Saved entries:
*** Block opens ***
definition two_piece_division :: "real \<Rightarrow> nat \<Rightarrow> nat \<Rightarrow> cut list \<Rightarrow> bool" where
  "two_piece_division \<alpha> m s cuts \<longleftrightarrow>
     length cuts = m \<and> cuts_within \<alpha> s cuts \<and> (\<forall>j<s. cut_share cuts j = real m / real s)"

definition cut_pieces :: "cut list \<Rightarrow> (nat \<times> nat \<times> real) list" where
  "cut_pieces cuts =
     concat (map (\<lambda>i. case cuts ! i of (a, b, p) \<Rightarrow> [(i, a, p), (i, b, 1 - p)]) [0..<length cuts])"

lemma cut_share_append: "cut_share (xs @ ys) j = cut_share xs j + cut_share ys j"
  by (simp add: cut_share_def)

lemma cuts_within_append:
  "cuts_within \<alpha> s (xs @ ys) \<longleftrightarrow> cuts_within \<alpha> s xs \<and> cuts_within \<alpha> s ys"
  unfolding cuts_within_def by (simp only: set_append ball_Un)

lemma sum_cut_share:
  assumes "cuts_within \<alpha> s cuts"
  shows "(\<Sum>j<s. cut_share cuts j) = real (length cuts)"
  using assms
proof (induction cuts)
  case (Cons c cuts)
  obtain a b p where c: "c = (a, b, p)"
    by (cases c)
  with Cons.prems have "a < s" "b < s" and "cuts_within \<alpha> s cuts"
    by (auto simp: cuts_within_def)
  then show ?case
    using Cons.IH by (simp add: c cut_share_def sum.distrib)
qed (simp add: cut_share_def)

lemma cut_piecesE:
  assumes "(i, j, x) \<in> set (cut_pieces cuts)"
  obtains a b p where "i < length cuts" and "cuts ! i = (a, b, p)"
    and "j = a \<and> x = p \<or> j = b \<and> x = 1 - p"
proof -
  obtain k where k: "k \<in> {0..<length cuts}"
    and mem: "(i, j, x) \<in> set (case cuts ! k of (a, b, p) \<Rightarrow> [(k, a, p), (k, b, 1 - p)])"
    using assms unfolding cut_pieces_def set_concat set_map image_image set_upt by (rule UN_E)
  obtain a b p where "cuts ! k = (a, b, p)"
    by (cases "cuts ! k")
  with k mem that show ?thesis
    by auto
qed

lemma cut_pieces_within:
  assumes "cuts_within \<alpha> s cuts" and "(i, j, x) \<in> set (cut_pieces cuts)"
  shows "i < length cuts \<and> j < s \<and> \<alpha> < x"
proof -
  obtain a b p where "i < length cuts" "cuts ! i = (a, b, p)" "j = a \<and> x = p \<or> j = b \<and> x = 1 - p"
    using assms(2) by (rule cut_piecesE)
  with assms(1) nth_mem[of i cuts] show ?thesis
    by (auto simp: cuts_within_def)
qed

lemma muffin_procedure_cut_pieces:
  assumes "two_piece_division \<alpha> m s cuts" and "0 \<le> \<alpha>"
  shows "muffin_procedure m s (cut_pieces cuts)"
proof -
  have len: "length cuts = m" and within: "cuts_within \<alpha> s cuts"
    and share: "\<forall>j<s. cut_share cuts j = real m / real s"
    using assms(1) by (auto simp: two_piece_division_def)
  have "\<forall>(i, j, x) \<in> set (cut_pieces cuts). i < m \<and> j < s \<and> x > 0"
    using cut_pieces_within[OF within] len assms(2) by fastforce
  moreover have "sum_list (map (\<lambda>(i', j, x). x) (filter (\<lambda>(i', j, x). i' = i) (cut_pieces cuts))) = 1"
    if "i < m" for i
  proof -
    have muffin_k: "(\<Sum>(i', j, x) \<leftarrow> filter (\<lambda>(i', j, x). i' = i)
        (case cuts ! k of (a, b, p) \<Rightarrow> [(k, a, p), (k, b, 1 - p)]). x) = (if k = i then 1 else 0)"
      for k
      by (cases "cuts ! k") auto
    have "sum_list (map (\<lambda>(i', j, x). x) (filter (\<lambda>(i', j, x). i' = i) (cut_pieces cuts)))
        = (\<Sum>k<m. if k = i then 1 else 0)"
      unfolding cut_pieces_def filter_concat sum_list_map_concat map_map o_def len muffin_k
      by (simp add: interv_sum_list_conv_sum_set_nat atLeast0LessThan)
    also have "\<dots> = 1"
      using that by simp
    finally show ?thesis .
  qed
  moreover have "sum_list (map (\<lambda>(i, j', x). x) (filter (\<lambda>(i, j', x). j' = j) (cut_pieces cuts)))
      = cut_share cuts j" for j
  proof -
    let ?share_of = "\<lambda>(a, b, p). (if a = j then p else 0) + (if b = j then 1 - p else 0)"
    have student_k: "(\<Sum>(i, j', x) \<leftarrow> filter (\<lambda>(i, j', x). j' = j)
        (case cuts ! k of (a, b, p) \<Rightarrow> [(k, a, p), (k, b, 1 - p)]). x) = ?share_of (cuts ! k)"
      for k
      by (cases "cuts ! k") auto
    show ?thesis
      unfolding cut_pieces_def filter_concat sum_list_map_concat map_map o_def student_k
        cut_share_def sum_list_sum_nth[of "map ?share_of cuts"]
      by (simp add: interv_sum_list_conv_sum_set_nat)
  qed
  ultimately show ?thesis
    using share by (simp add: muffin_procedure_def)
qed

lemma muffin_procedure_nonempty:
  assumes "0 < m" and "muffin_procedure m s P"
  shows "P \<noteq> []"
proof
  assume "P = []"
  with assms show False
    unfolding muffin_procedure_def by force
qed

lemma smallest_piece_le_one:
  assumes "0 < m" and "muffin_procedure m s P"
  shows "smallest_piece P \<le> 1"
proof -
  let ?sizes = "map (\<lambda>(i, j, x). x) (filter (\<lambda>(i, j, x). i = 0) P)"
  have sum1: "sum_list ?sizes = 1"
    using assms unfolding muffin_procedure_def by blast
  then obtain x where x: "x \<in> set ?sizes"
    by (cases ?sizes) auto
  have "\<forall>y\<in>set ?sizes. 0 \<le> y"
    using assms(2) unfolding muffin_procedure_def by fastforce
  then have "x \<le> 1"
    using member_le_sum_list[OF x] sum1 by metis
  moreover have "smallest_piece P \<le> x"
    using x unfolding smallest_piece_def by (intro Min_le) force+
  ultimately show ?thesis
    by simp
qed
*** Block closes ***
An exact repetition of the data above is all that is needed.

SOLUTION TO THIS PROBLEM:
definition two_piece_division :: "real \<Rightarrow> nat \<Rightarrow> nat \<Rightarrow> cut list \<Rightarrow> bool" where
  "two_piece_division \<alpha> m s cuts \<longleftrightarrow>
     length cuts = m \<and> cuts_within \<alpha> s cuts \<and> (\<forall>j<s. cut_share cuts j = real m / real s)"

definition cut_pieces :: "cut list \<Rightarrow> (nat \<times> nat \<times> real) list" where
  "cut_pieces cuts =
     concat (map (\<lambda>i. case cuts ! i of (a, b, p) \<Rightarrow> [(i, a, p), (i, b, 1 - p)]) [0..<length cuts])"

lemma cut_share_append: "cut_share (xs @ ys) j = cut_share xs j + cut_share ys j"
  by (simp add: cut_share_def)

lemma cuts_within_append:
  "cuts_within \<alpha> s (xs @ ys) \<longleftrightarrow> cuts_within \<alpha> s xs \<and> cuts_within \<alpha> s ys"
  unfolding cuts_within_def by (simp only: set_append ball_Un)

lemma sum_cut_share:
  assumes "cuts_within \<alpha> s cuts"
  shows "(\<Sum>j<s. cut_share cuts j) = real (length cuts)"
  using assms
proof (induction cuts)
  case (Cons c cuts)
  obtain a b p where c: "c = (a, b, p)"
    by (cases c)
  with Cons.prems have "a < s" "b < s" and "cuts_within \<alpha> s cuts"
    by (auto simp: cuts_within_def)
  then show ?case
    using Cons.IH by (simp add: c cut_share_def sum.distrib)
qed (simp add: cut_share_def)

lemma cut_piecesE:
  assumes "(i, j, x) \<in> set (cut_pieces cuts)"
  obtains a b p where "i < length cuts" and "cuts ! i = (a, b, p)"
    and "j = a \<and> x = p \<or> j = b \<and> x = 1 - p"
proof -
  obtain k where k: "k \<in> {0..<length cuts}"
    and mem: "(i, j, x) \<in> set (case cuts ! k of (a, b, p) \<Rightarrow> [(k, a, p), (k, b, 1 - p)])"
    using assms unfolding cut_pieces_def set_concat set_map image_image set_upt by (rule UN_E)
  obtain a b p where "cuts ! k = (a, b, p)"
    by (cases "cuts ! k")
  with k mem that show ?thesis
    by auto
qed

lemma cut_pieces_within:
  assumes "cuts_within \<alpha> s cuts" and "(i, j, x) \<in> set (cut_pieces cuts)"
  shows "i < length cuts \<and> j < s \<and> \<alpha> < x"
proof -
  obtain a b p where "i < length cuts" "cuts ! i = (a, b, p)" "j = a \<and> x = p \<or> j = b \<and> x = 1 - p"
    using assms(2) by (rule cut_piecesE)
  with assms(1) nth_mem[of i cuts] show ?thesis
    by (auto simp: cuts_within_def)
qed

lemma muffin_procedure_cut_pieces:
  assumes "two_piece_division \<alpha> m s cuts" and "0 \<le> \<alpha>"
  shows "muffin_procedure m s (cut_pieces cuts)"
proof -
  have len: "length cuts = m" and within: "cuts_within \<alpha> s cuts"
    and share: "\<forall>j<s. cut_share cuts j = real m / real s"
    using assms(1) by (auto simp: two_piece_division_def)
  have "\<forall>(i, j, x) \<in> set (cut_pieces cuts). i < m \<and> j < s \<and> x > 0"
    using cut_pieces_within[OF within] len assms(2) by fastforce
  moreover have "sum_list (map (\<lambda>(i', j, x). x) (filter (\<lambda>(i', j, x). i' = i) (cut_pieces cuts))) = 1"
    if "i < m" for i
  proof -
    have muffin_k: "(\<Sum>(i', j, x) \<leftarrow> filter (\<lambda>(i', j, x). i' = i)
        (case cuts ! k of (a, b, p) \<Rightarrow> [(k, a, p), (k, b, 1 - p)]). x) = (if k = i then 1 else 0)"
      for k
      by (cases "cuts ! k") auto
    have "sum_list (map (\<lambda>(i', j, x). x) (filter (\<lambda>(i', j, x). i' = i) (cut_pieces cuts)))
        = (\<Sum>k<m. if k = i then 1 else 0)"
      unfolding cut_pieces_def filter_concat sum_list_map_concat map_map o_def len muffin_k
      by (simp add: interv_sum_list_conv_sum_set_nat atLeast0LessThan)
    also have "\<dots> = 1"
      using that by simp
    finally show ?thesis .
  qed
  moreover have "sum_list (map (\<lambda>(i, j', x). x) (filter (\<lambda>(i, j', x). j' = j) (cut_pieces cuts)))
      = cut_share cuts j" for j
  proof -
    let ?share_of = "\<lambda>(a, b, p). (if a = j then p else 0) + (if b = j then 1 - p else 0)"
    have student_k: "(\<Sum>(i, j', x) \<leftarrow> filter (\<lambda>(i, j', x). j' = j)
        (case cuts ! k of (a, b, p) \<Rightarrow> [(k, a, p), (k, b, 1 - p)]). x) = ?share_of (cuts ! k)"
      for k
      by (cases "cuts ! k") auto
    show ?thesis
      unfolding cut_pieces_def filter_concat sum_list_map_concat map_map o_def student_k
        cut_share_def sum_list_sum_nth[of "map ?share_of cuts"]
      by (simp add: interv_sum_list_conv_sum_set_nat)
  qed
  ultimately show ?thesis
    using share by (simp add: muffin_procedure_def)
qed

lemma muffin_procedure_nonempty:
  assumes "0 < m" and "muffin_procedure m s P"
  shows "P \<noteq> []"
proof
  assume "P = []"
  with assms show False
    unfolding muffin_procedure_def by force
qed

lemma smallest_piece_le_one:
  assumes "0 < m" and "muffin_procedure m s P"
  shows "smallest_piece P \<le> 1"
proof -
  let ?sizes = "map (\<lambda>(i, j, x). x) (filter (\<lambda>(i, j, x). i = 0) P)"
  have sum1: "sum_list ?sizes = 1"
    using assms unfolding muffin_procedure_def by blast
  then obtain x where x: "x \<in> set ?sizes"
    by (cases ?sizes) auto
  have "\<forall>y\<in>set ?sizes. 0 \<le> y"
    using assms(2) unfolding muffin_procedure_def by fastforce
  then have "x \<le> 1"
    using member_le_sum_list[OF x] sum1 by metis
  moreover have "smallest_piece P \<le> x"
    using x unfolding smallest_piece_def by (intro Min_le) force+
  ultimately show ?thesis
    by simp
qed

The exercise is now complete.